(* Let $G$ be a simple connected bipartite graph on $n\ge 3$ vertices with maximum degree $\Delta\le n-2$ and Wiener index $W$. Suppose $\deg(v_1)=\cdots=\deg(v_k)=\Delta$ for some $1\le k\le n$, and for $1\le i\le k$ let $a_i=4(W-D_i-t_{v_i}\Delta)(\Delta+1)+2n\Delta^{2}+nD_i+nt_{v_i}\Delta$ and $b_i=4D_i^{2}+8D_it_{v_i}\Delta+4t_{v_i}^{2}\Delta^{2}-8W\Delta^{2}-4WD_i-4Wt_{v_i}\Delta$. Then (i) $\displaystyle q^{\mathcal{D}}(G)\ge \max_{1\le i\le k}\frac{a_i+\sqrt{a_i^{2}+4b_i(1+\Delta)(n-\Delta-1)}}{2(1+\Delta)(n-\Delta-1)}$; (ii) $\displaystyle q^{\mathcal{D}}_{min}(G)\le \min_{1\le i\le k}\frac{a_i-\sqrt{a_i^{2}+4b_i(1+\Delta)(n-\Delta-1)}}{2(1+\Delta)(n-\Delta-1)}$.
   Context: $G$ has vertex set $\{v_1,\dots,v_n\}$; $d_G$ is the graph distance; $\mathcal{D}(G)=(d_G(v_i,v_j))$. $D_i=\sum_{j\ne i}d_G(v_i,v_j)$ is the transmission of $v_i$, $Tr(G)=\mathrm{diag}(D_1,\dots,D_n)$, $\mathcal{Q}(G)=Tr(G)+\mathcal{D}(G)$. $W=\sum_{i<j}d_G(v_i,v_j)$. For a vertex $v$ of degree $d_v$, $t_v=\frac{1}{d_v}\sum_{v_j\sim v}D_j$. $q^{\mathcal{D}}(G)$, $q^{\mathcal{D}}_{min}(G)$ are the largest and least eigenvalues of $\mathcal{Q}(G)$. *)

theory Defs
  imports "HOL-Analysis.Analysis"
begin

definition simple_graph :: "('n \<Rightarrow> 'n \<Rightarrow> bool) \<Rightarrow> bool" where
  "simple_graph E \<longleftrightarrow> (\<forall>u v. E u v \<longrightarrow> E v u) \<and> (\<forall>u. \<not> E u u)"

fun walk :: "('n \<Rightarrow> 'n \<Rightarrow> bool) \<Rightarrow> 'n list \<Rightarrow> bool" where
  "walk E [] = False"
| "walk E [x] = True"
| "walk E (x # y # xs) = (E x y \<and> walk E (y # xs))"

definition connected_graph :: "('n \<Rightarrow> 'n \<Rightarrow> bool) \<Rightarrow> bool" where
  "connected_graph E \<longleftrightarrow> (\<forall>u v. \<exists>p. walk E p \<and> hd p = u \<and> last p = v)"

definition bipartite :: "('n \<Rightarrow> 'n \<Rightarrow> bool) \<Rightarrow> bool" where
  "bipartite E \<longleftrightarrow> (\<exists>S. \<forall>u v. E u v \<longrightarrow> (u \<in> S \<longleftrightarrow> v \<notin> S))"

definition gdist :: "('n \<Rightarrow> 'n \<Rightarrow> bool) \<Rightarrow> 'n \<Rightarrow> 'n \<Rightarrow> nat" where
  "gdist E u v = (LEAST k. \<exists>p. walk E p \<and> hd p = u \<and> last p = v \<and> length p = Suc k)"

definition degree :: "('n::finite \<Rightarrow> 'n \<Rightarrow> bool) \<Rightarrow> 'n \<Rightarrow> nat" where
  "degree E v = card {w. E v w}"

definition max_degree :: "('n::finite \<Rightarrow> 'n \<Rightarrow> bool) \<Rightarrow> nat" where
  "max_degree E = Max (range (degree E))"

definition transmission :: "('n::finite \<Rightarrow> 'n \<Rightarrow> bool) \<Rightarrow> 'n \<Rightarrow> real" where
  "transmission E v = (\<Sum>w\<in>UNIV - {v}. real (gdist E v w))"

text \<open>Wiener index W = sum over unordered pairs of distinct vertices = half the ordered sum.\<close>
definition wiener :: "('n::finite \<Rightarrow> 'n \<Rightarrow> bool) \<Rightarrow> real" where
  "wiener E = (\<Sum>u\<in>UNIV. \<Sum>v\<in>UNIV. real (gdist E u v)) / 2"

definition tv :: "('n::finite \<Rightarrow> 'n \<Rightarrow> bool) \<Rightarrow> 'n \<Rightarrow> real" where
  "tv E v = (\<Sum>w\<in>{w. E v w}. transmission E w) / real (degree E v)"

definition distance_matrix :: "('n::finite \<Rightarrow> 'n \<Rightarrow> bool) \<Rightarrow> real^'n^'n" where
  "distance_matrix E = (\<chi> i j. real (gdist E i j))"

definition transmission_matrix :: "('n::finite \<Rightarrow> 'n \<Rightarrow> bool) \<Rightarrow> real^'n^'n" where
  "transmission_matrix E = (\<chi> i j. if i = j then transmission E i else 0)"

definition dsl_matrix :: "('n::finite \<Rightarrow> 'n \<Rightarrow> bool) \<Rightarrow> real^'n^'n" where
  "dsl_matrix E = transmission_matrix E + distance_matrix E"
text \<open>The Euler--Lagrange equation says \<open>(D\<inverse>A)\<^sup>2g = s\<^sup>2g\<close>, so either \<open>h = (D\<inverse>A + s)g\<close> is an
  eigenfunction of \<open>D\<inverse>A\<close> for \<open>s\<close>, or \<open>h = 0\<close> and \<open>g\<close> is one for \<open>-s\<close>.\<close>
lemma minimizer_eigenvalue:
  assumes g: "g \<in> deg_sphere" "\<forall>f\<in>deg_sphere. adj_inner g g \<le> adj_inner f f"
  obtains \<mu> where "\<mu> \<in> nlap_eigenvalues V E" and "\<bar>1 - \<mu>\<bar> = sqrt (adj_inner g g)"
proof -
  define s where "s = sqrt (adj_inner g g)"
  have s: "s \<ge> 0" "s\<^sup>2 = adj_inner g g"
    using adj_inner_nonneg[of g] by (auto simp: s_def)
  define h where "h = (\<lambda>z. nbr_sum g z / real (deg V E z) + s * g z)"
  have h_eigen: "nbr_sum h v = (1 - (1 - s)) * real (deg V E v) * h v" if v: "v \<in> V" for v
  proof -
    have "nbr_sum h v = s\<^sup>2 * real (deg V E v) * g v + s * nbr_sum g v"
      unfolding h_def nbr_sum_add_scaled minimizer_euler_lagrange[OF g v] s(2) ..
    then show ?thesis
      using real_deg_pos[OF v] by (simp add: h_def field_simps power2_eq_square)
  qed
  show ?thesis
  proof (cases "\<exists>v\<in>V. h v \<noteq> 0")
    case True
    then have "1 - s \<in> nlap_eigenvalues V E"
      unfolding nlap_eigenvalues_iff using h_eigen by blast
    then show ?thesis
      using that s by (simp add: s_def)
  next
    case False
    have g_eigen: "nbr_sum g v = (1 - (1 + s)) * real (deg V E v) * g v" if v: "v \<in> V" for v
      using False v real_deg_pos[OF v] by (auto simp: h_def field_simps add_eq_0_iff)
    have "\<exists>v\<in>V. g v \<noteq> 0"
    proof (rule ccontr)
      assume "\<not> (\<exists>v\<in>V. g v \<noteq> 0)"
      then have "deg_inner g g = 0"
        by (simp add: deg_inner_def)
      then show False
        using g(1) by (simp add: deg_sphere_def)
    qed
    then have "1 + s \<in> nlap_eigenvalues V E"
      unfolding nlap_eigenvalues_iff using g_eigen by blast
    then show ?thesis
      using that s by (simp add: s_def)
  qed
qed

theorem spectral_eps_squared_bound: "(spectral_eps V E)\<^sup>2 * deg_inner f f \<le> adj_inner f f"
proof (cases "V = {}")
  case True
  then show ?thesis
    unfolding deg_inner_def adj_inner_def by simp
next
  case False
  then obtain g where g: "g \<in> deg_sphere" "\<forall>h\<in>deg_sphere. adj_inner g g \<le> adj_inner h h"
    using continuous_attains_inf[OF compact_deg_sphere _ continuous_on_adj_inner] deg_sphere_nonempty
    by blast
  obtain \<mu> where \<mu>: "\<mu> \<in> nlap_eigenvalues V E" "\<bar>1 - \<mu>\<bar> = sqrt (adj_inner g g)"
    using minimizer_eigenvalue[OF g] .
  have fin: "finite ((\<lambda>\<mu>. \<bar>1 - \<mu>\<bar>) ` nlap_eigenvalues V E)"
    using finite_nlap_eigenvalues by simp
  have "spectral_eps V E \<le> sqrt (adj_inner g g)"
    unfolding spectral_eps_def using \<mu> fin by (metis Min_le image_eqI)
  moreover have "0 \<le> spectral_eps V E"
    unfolding spectral_eps_def using \<mu> fin by (subst Min_ge_iff) auto
  ultimately have "(spectral_eps V E)\<^sup>2 \<le> adj_inner g g"
    using adj_inner_nonneg[of g] by (metis power_mono real_sqrt_pow2)
  then show ?thesis
    using adj_inner_ge_min_mult_deg_inner[OF g, of f] deg_inner_nonneg[of f]
    by (meson mult_right_mono order_trans)
qed

lemma deg_outside_V:
  assumes "z \<notin> V"
  shows "deg V E z = 0"
proof -
  have "nbhd V E z = {}"
    using assms edge_in_V unfolding nbhd_def by blast
  then show ?thesis
    by (simp add: deg_def)
qed

lemma spectral_eps_local_bound:
  assumes C: "finite C" "C \<subseteq> V" "\<And>x. x \<notin> C \<Longrightarrow> f x = 0"
    and Z: "finite Z" "\<And>y. y \<in> C \<Longrightarrow> nbhd V E y \<subseteq> Z"
    and L: "\<And>z. z \<in> Z \<Longrightarrow> 0 < L z \<and> L z \<le> real (deg V E z)"
  shows "(spectral_eps V E)\<^sup>2 * (\<Sum>z\<in>C. real (deg V E z) * (f z)\<^sup>2)
    \<le> (\<Sum>z\<in>Z. (\<Sum>y\<in>C. if E y z then f y else 0)\<^sup>2 / L z)"
proof -
  have ZV: "Z \<subseteq> V"
  proof
    fix z assume "z \<in> Z"
    then have "0 < real (deg V E z)"
      using L[of z] by linarith
    then show "z \<in> V"
      using deg_outside_V by fastforce
  qed
  have nbr_sum_f: "nbr_sum f z = (\<Sum>y\<in>C. if E y z then f y else 0)" for z
  proof -
    have "nbr_sum f z = (\<Sum>y\<in>C. if E z y then f y else 0)"
      unfolding nbr_sum_eq_sum_V using C finite_V by (intro sum.mono_neutral_right) auto
    then show ?thesis
      by (simp add: edge_sym[of z])
  qed
  have nbr_sum_outside: "nbr_sum f z = 0" if "z \<notin> Z" for z
  proof -
    have "\<forall>y\<in>C. \<not> E y z"
      using that Z(2) mem_nbhd_iff by blast
    then show ?thesis
      unfolding nbr_sum_f by simp
  qed
  have "deg_inner f f = (\<Sum>z\<in>C. real (deg V E z) * (f z)\<^sup>2)"
    unfolding deg_inner_def power2_eq_square mult.assoc using C finite_V
    by (intro sum.mono_neutral_right) auto
  then have "(spectral_eps V E)\<^sup>2 * (\<Sum>z\<in>C. real (deg V E z) * (f z)\<^sup>2) \<le> adj_inner f f"
    using spectral_eps_squared_bound[of f] by simp
  also have "adj_inner f f = (\<Sum>z\<in>Z. (nbr_sum f z)\<^sup>2 / real (deg V E z))"
    unfolding adj_inner_def power2_eq_square using ZV finite_V nbr_sum_outside
    by (intro sum.mono_neutral_right) auto
  also have "\<dots> \<le> (\<Sum>z\<in>Z. (nbr_sum f z)\<^sup>2 / L z)"
    using L ZV real_deg_pos by (intro sum_mono divide_left_mono mult_pos_pos) auto
  finally show ?thesis
    unfolding nbr_sum_f .
qed
lemma array_free_Urysohn:
  assumes K: "compact K" and no_array: "\<not> contains_array3 K" and "\<delta> > 0"
  obtains l :: "real \<times> real \<Rightarrow> real"
  where "continuous_on K l" "\<And>p. p \<in> K \<Longrightarrow> 0 \<le> l p \<and> l p \<le> 1"
    "\<And>p. p \<in> wide_fibres fst \<delta> K \<Longrightarrow> l p = 0" "\<And>p. p \<in> wide_fibres snd \<delta> K \<Longrightarrow> l p = 1"
    "\<And>p q. p \<in> K \<Longrightarrow> q \<in> K \<Longrightarrow> fst p = fst q \<or> snd p = snd q \<Longrightarrow> l p = l q"
proof -
  let ?X = "top_of_set K"
  have normal: "normal_space ?X"
    by (simp add: metrizable_imp_normal_space metrizable_space_subtopology metrizable_space_euclidean)
  have equiv: "equiv (topspace ?X) (aligned_pairs K)"
    using equiv_aligned_pairs[OF no_array] by simp
  have C: "closedin ?X (wide_fibres \<pi> \<delta> K)" "aligned_pairs K `` wide_fibres \<pi> \<delta> K \<subseteq> wide_fibres \<pi> \<delta> K"
    if "\<pi> = fst \<or> \<pi> = snd" for \<pi>
    using that closedin_wide_fibres[OF K continuous_on_fst[OF continuous_on_id]]
      closedin_wide_fibres[OF K continuous_on_snd[OF continuous_on_id]]
      aligned_pairs_Image_wide_fibres[OF no_array \<open>\<delta> > 0\<close> that]
    by auto
  obtain l :: "real \<times> real \<Rightarrow> real"
    where l: "continuous_map ?X (top_of_set {0..1}) l"
      "l ` wide_fibres fst \<delta> K \<subseteq> {0}" "l ` wide_fibres snd \<delta> K \<subseteq> {1}"
      "\<And>p q. (p, q) \<in> aligned_pairs K \<Longrightarrow> l p = l q"
    by (rule Urysohn_lemma_saturated[OF normal equiv closedin_aligned_pairs_Image[OF K]
          C[of fst] C[of snd] disjnt_wide_fibres[OF no_array \<open>\<delta> > 0\<close>]]) simp_all
  show ?thesis
  proof (rule that)
    show "continuous_on K l" "\<And>p. p \<in> K \<Longrightarrow> 0 \<le> l p \<and> l p \<le> 1"
      using l(1) by (auto simp: continuous_map_in_subtopology)
  qed (use l(2-4) in \<open>auto simp: aligned_pairs_def\<close>)
qed

lemma abs_mult_diff_le:
  fixes c x y e :: real
  assumes "0 \<le> c" "c \<le> 1" "\<bar>x - y\<bar> \<le> e"
  shows "\<bar>c * x - c * y\<bar> \<le> e"
proof -
  have "\<bar>c * x - c * y\<bar> = c * \<bar>x - y\<bar>"
    using assms(1) by (simp add: abs_mult right_diff_distrib[symmetric])
  also have "\<dots> \<le> \<bar>x - y\<bar>"
    using assms(1,2) by (simp add: mult_left_le_one_le)
  finally show ?thesis
    using assms(3) by linarith
qed

lemma array_free_splitting:
  fixes f :: "real \<times> real \<Rightarrow> real"
  assumes K: "compact K" and no_array: "\<not> contains_array3 K" and f: "continuous_on K f"
    and "\<epsilon> > 0"
  obtains l :: "real \<times> real \<Rightarrow> real"
  where "continuous_on K l" "\<And>p. p \<in> K \<Longrightarrow> 0 \<le> l p \<and> l p \<le> 1"
    "\<And>p q. p \<in> K \<Longrightarrow> q \<in> K \<Longrightarrow> fst p = fst q \<Longrightarrow> \<bar>l p * f p - l q * f q\<bar> \<le> \<epsilon>"
    "\<And>p q. p \<in> K \<Longrightarrow> q \<in> K \<Longrightarrow> snd p = snd q \<Longrightarrow> \<bar>(1 - l p) * f p - (1 - l q) * f q\<bar> \<le> \<epsilon>"
proof -
  obtain \<delta> where "\<delta> > 0" and \<delta>: "\<forall>p\<in>K. \<forall>q\<in>K. dist p q < \<delta> \<longrightarrow> dist (f p) (f q) < \<epsilon>"
    using compact_uniformly_continuous[OF f K] \<open>\<epsilon> > 0\<close> unfolding uniformly_continuous_on_def by blast
  obtain l :: "real \<times> real \<Rightarrow> real"
    where l: "continuous_on K l" "\<And>p. p \<in> K \<Longrightarrow> 0 \<le> l p \<and> l p \<le> 1"
      "\<And>p. p \<in> wide_fibres fst \<delta> K \<Longrightarrow> l p = 0" "\<And>p. p \<in> wide_fibres snd \<delta> K \<Longrightarrow> l p = 1"
      "\<And>p q. p \<in> K \<Longrightarrow> q \<in> K \<Longrightarrow> fst p = fst q \<or> snd p = snd q \<Longrightarrow> l p = l q"
    using array_free_Urysohn[OF K no_array \<open>\<delta> > 0\<close>] by blast
  \<comment> \<open>On a wide fibre the weight vanishes; on any other fibre f itself oscillates by less than \<epsilon>.\<close>
  have fibre: "\<bar>w p * f p - w q * f q\<bar> \<le> \<epsilon>"
    if "p \<in> K" "q \<in> K" "\<pi> q = \<pi> p"
      and "\<And>p. p \<in> K \<Longrightarrow> 0 \<le> w p \<and> w p \<le> 1" "w q = w p" "\<And>p. p \<in> wide_fibres \<pi> \<delta> K \<Longrightarrow> w p = 0"
    for \<pi> :: "real \<times> real \<Rightarrow> real" and w p q
  proof (cases "p \<in> wide_fibres \<pi> \<delta> K")
    case True
    then have "q \<in> wide_fibres \<pi> \<delta> K"
      using that(2,3) by (rule wide_fibres_same_fibre)
    then show ?thesis
      using True that(6) \<open>\<epsilon> > 0\<close> by simp
  next
    case False
    then have "\<bar>f p - f q\<bar> \<le> \<epsilon>"
      using \<delta> that(1,2) dist_less_outside_wide_fibres[OF that(1-3) False]
      by (simp add: dist_real_def less_imp_le)
    then show ?thesis
      using abs_mult_diff_le[of "w p" "f p" "f q"] that(1,4,5) by simp
  qed
  show ?thesis
  proof (rule that[OF l(1,2)])
    fix p q assume pq: "p \<in> K" "q \<in> K"
    show "\<bar>l p * f p - l q * f q\<bar> \<le> \<epsilon>" if "fst p = fst q"
      using fibre[of p q fst l] pq that l(2,3) l(5)[of q p] by simp
    show "\<bar>(1 - l p) * f p - (1 - l q) * f q\<bar> \<le> \<epsilon>" if "snd p = snd q"
      using fibre[of p q snd "\<lambda>p. 1 - l p"] pq that l(2,4) l(5)[of q p] by simp
  qed
qed

lemma abs_le_sup_norm_on:
  assumes "bdd_above ((\<lambda>x. \<bar>f x\<bar>) ` S)" "x \<in> S"
  shows "\<bar>f x\<bar> \<le> sup_norm_on S f"
  using assms unfolding sup_norm_on_def by (auto intro: cSUP_upper)

lemma sup_norm_on_nonneg:
  assumes "bdd_above ((\<lambda>x. \<bar>f x\<bar>) ` S)"
  shows "0 \<le> sup_norm_on S f"
proof (cases "S = {}")
  case False
  then obtain x where "x \<in> S"
    by blast
  then show ?thesis
    using abs_le_sup_norm_on[OF assms] abs_ge_zero order_trans by blast
qed (simp add: sup_norm_on_def)

lemma sup_norm_on_le:
  assumes "S \<noteq> {}" "\<And>x. x \<in> S \<Longrightarrow> \<bar>f x\<bar> \<le> B"
  shows "sup_norm_on S f \<le> B"
  using assms by (simp add: sup_norm_on_def cSUP_least)

lemma array_free_approximation:
  fixes f :: "real \<times> real \<Rightarrow> real"
  assumes K: "compact K" and no_array: "\<not> contains_array3 K" and f: "continuous_on K f"
    and "\<epsilon> > 0" and "0 \<le> M" and f_le: "\<And>p. p \<in> K \<Longrightarrow> \<bar>f p\<bar> \<le> M"
  obtains g h :: "real \<Rightarrow> real"
  where "continuous_on UNIV g" "continuous_on UNIV h" "\<And>x. \<bar>g x\<bar> \<le> M" "\<And>y. \<bar>h y\<bar> \<le> 2 * M"
    "\<And>p. p \<in> K \<Longrightarrow> \<bar>f p - g (fst p) - h (snd p)\<bar> \<le> 6 * \<epsilon>"
proof -
  obtain l where l: "continuous_on K l" "\<And>p. p \<in> K \<Longrightarrow> 0 \<le> l p \<and> l p \<le> 1"
    "\<And>p q. p \<in> K \<Longrightarrow> q \<in> K \<Longrightarrow> fst p = fst q \<Longrightarrow> \<bar>l p * f p - l q * f q\<bar> \<le> \<epsilon>"
    "\<And>p q. p \<in> K \<Longrightarrow> q \<in> K \<Longrightarrow> snd p = snd q \<Longrightarrow> \<bar>(1 - l p) * f p - (1 - l q) * f q\<bar> \<le> \<epsilon>"
    using array_free_splitting[OF K no_array f \<open>\<epsilon> > 0\<close>] by blast
  have lf_le: "\<bar>l p * f p\<bar> \<le> M" if "p \<in> K" for p
    using abs_mult_diff_le[of "l p" "f p" 0 M] l(2)[OF that] f_le[OF that] by simp
  obtain g where g: "continuous_on UNIV g" "\<And>x. \<bar>g x\<bar> \<le> M"
    "\<And>p. p \<in> K \<Longrightarrow> \<bar>g (fst p) - l p * f p\<bar> \<le> 2 * \<epsilon>"
  proof (rule approximation_through_projection[of K fst "\<lambda>p. l p * f p" M \<epsilon> "2 * \<epsilon>"])
    show "continuous_on K (\<lambda>p. l p * f p)"
      using l(1) f by (intro continuous_intros)
  qed (use K l(3) lf_le \<open>0 \<le> M\<close> \<open>\<epsilon> > 0\<close> in \<open>auto intro: continuous_intros that\<close>)
  have osc: "\<bar>(f p - g (fst p)) - (f q - g (fst q))\<bar> \<le> 5 * \<epsilon>"
    if "p \<in> K" "q \<in> K" "snd p = snd q" for p q
  proof -
    have "(f p - g (fst p)) - (f q - g (fst q))
        = ((1 - l p) * f p - (1 - l q) * f q) - (g (fst p) - l p * f p) + (g (fst q) - l q * f q)"
      by (simp add: algebra_simps)
    then show ?thesis
      using l(4)[OF that] g(3)[OF that(1)] g(3)[OF that(2)] by linarith
  qed
  have f_minus_g_le: "\<bar>f p - g (fst p)\<bar> \<le> 2 * M" if "p \<in> K" for p
    using f_le[OF that] g(2)[of "fst p"] by linarith
  obtain h where h: "continuous_on UNIV h" "\<And>y. \<bar>h y\<bar> \<le> 2 * M"
    "\<And>p. p \<in> K \<Longrightarrow> \<bar>h (snd p) - (f p - g (fst p))\<bar> \<le> 6 * \<epsilon>"
  proof (rule approximation_through_projection[of K snd "\<lambda>p. f p - g (fst p)" "2 * M" "5 * \<epsilon>" "6 * \<epsilon>"])
    show "continuous_on K (\<lambda>p. f p - g (fst p))"
      using f by (intro continuous_intros continuous_on_compose2[OF g(1)]) auto
  qed (use K osc f_minus_g_le \<open>0 \<le> M\<close> \<open>\<epsilon> > 0\<close> in \<open>auto intro: continuous_intros that\<close>)
  show ?thesis
  proof (rule that[OF g(1) h(1) g(2) h(2)])
    show "\<bar>f p - g (fst p) - h (snd p)\<bar> \<le> 6 * \<epsilon>" if "p \<in> K" for p
      using h(3)[OF that] by linarith
  qed
qed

• **What to do**: Going through the lines above one by one, tally those with the word "assms" and give only the total.

• **Finished task**: 7